Where a line below has the string "auto" in it, include it in the count, and give that count alone.

(Supplied information Opens)

lemma contains_J_graph_induced_iff:
  "contains (induced G X) (J_graph n) \<longleftrightarrow> (\<exists>f. inj_on f {0..<n} \<and> f ` {0..<n} \<subseteq> X \<and>
     (\<forall>i j. i < j \<longrightarrow> j < n \<longrightarrow> (i, j) \<noteq> (0, 1) \<longrightarrow> {f i, f j} \<in> snd G))"
proof
  assume "contains (induced G X) (J_graph n)"
  then obtain f where f: "inj_on f (fst (J_graph n))" "f ` fst (J_graph n) \<subseteq> X"
    "\<And>u v. {u, v} \<in> snd (J_graph n) \<Longrightarrow> {f u, f v} \<in> snd (induced G X)"
    unfolding contains_def induced_def by auto
  have "{i, j} \<in> snd (J_graph n)" if "i < j" "j < n" "(i, j) \<noteq> (0, 1)" for i j
    using that unfolding J_graph_def snd_conv by blast
  with f show "\<exists>f. inj_on f {0..<n} \<and> f ` {0..<n} \<subseteq> X \<and>
      (\<forall>i j. i < j \<longrightarrow> j < n \<longrightarrow> (i, j) \<noteq> (0, 1) \<longrightarrow> {f i, f j} \<in> snd G)"
    by (intro exI[of _ f]) (auto simp: J_graph_def induced_def)
next
  assume "\<exists>f. inj_on f {0..<n} \<and> f ` {0..<n} \<subseteq> X \<and>
      (\<forall>i j. i < j \<longrightarrow> j < n \<longrightarrow> (i, j) \<noteq> (0, 1) \<longrightarrow> {f i, f j} \<in> snd G)"
  then obtain f where f: "inj_on f {0..<n}" "f ` {0..<n} \<subseteq> X"
    "\<And>i j. i < j \<Longrightarrow> j < n \<Longrightarrow> (i, j) \<noteq> (0, 1) \<Longrightarrow> {f i, f j} \<in> snd G"
    by blast
  show "contains (induced G X) (J_graph n)"
    unfolding contains_def
  proof (intro exI[of _ f] conjI allI impI)
    show "inj_on f (fst (J_graph n))" "f ` fst (J_graph n) \<subseteq> fst (induced G X)"
      using f(1,2) by (auto simp: J_graph_def induced_def)
    fix u v assume "{u, v} \<in> snd (J_graph n)"
    then obtain i j where ij: "{u, v} = {i, j}" "i < j" "j < n" "(i, j) \<noteq> (0, 1)"
      unfolding J_graph_def by auto
    then have "{f u, f v} = {f i, f j}"
      by (auto simp: doubleton_eq_iff)
    with ij f show "{f u, f v} \<in> snd (induced G X)"
      by (auto simp: induced_def image_subset_iff)
  qed
qed

subsection \<open>The lexicographic product\<close>

definition lex_product :: "'a graph \<Rightarrow> 'b graph \<Rightarrow> ('a \<times> 'b) graph" where
  "lex_product H G = (fst H \<times> fst G,
     {{(h, u), (h', u')} | h h' u u'. {h, h'} \<in> snd H \<and> u \<in> fst G \<and> u' \<in> fst G} \<union>
     {{(h, u), (h, u')} | h u u'. h \<in> fst H \<and> {u, u'} \<in> snd G})"

lemma lex_product_edge_iff:
  "{(h, u), (h', u')} \<in> snd (lex_product H G) \<longleftrightarrow>
     {h, h'} \<in> snd H \<and> u \<in> fst G \<and> u' \<in> fst G \<or> h = h' \<and> h \<in> fst H \<and> {u, u'} \<in> snd G"
proof
  assume "{(h, u), (h', u')} \<in> snd (lex_product H G)"
  then show "{h, h'} \<in> snd H \<and> u \<in> fst G \<and> u' \<in> fst G \<or> h = h' \<and> h \<in> fst H \<and> {u, u'} \<in> snd G"
    unfolding lex_product_def by (auto simp: doubleton_eq_iff insert_commute)
qed (auto simp: lex_product_def)

lemma lex_product_is_graph:
  assumes "is_graph H" "is_graph G"
  shows "is_graph (lex_product H G)"
  unfolding is_graph_def
proof (intro conjI ballI)
  show "finite (fst (lex_product H G))"
    using assms by (simp add: is_graph_def lex_product_def)
  fix e assume e: "e \<in> snd (lex_product H G)"
  then obtain h h' u u' where e_eq: "e = {(h, u), (h', u')}"
    unfolding lex_product_def by auto
  with e have "{h, h'} \<in> snd H \<and> u \<in> fst G \<and> u' \<in> fst G \<or>
      h = h' \<and> h \<in> fst H \<and> {u, u'} \<in> snd G"
    by (simp add: lex_product_edge_iff)
  then have "(h, u) \<in> fst (lex_product H G) \<and> (h', u') \<in> fst (lex_product H G) \<and>
      (h, u) \<noteq> (h', u')"
    using is_graph_edgeD[OF assms(1)] is_graph_edgeD[OF assms(2)]
      is_graph_loop_free[OF assms(1)] is_graph_loop_free[OF assms(2)]
    by (auto simp: lex_product_def)
  with e_eq show "\<exists>p q. p \<in> fst (lex_product H G) \<and>
      q \<in> fst (lex_product H G) \<and> p \<noteq> q \<and> e = {p, q}"
    by blast
qed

(Supplied information Closes)

Output for this task:
10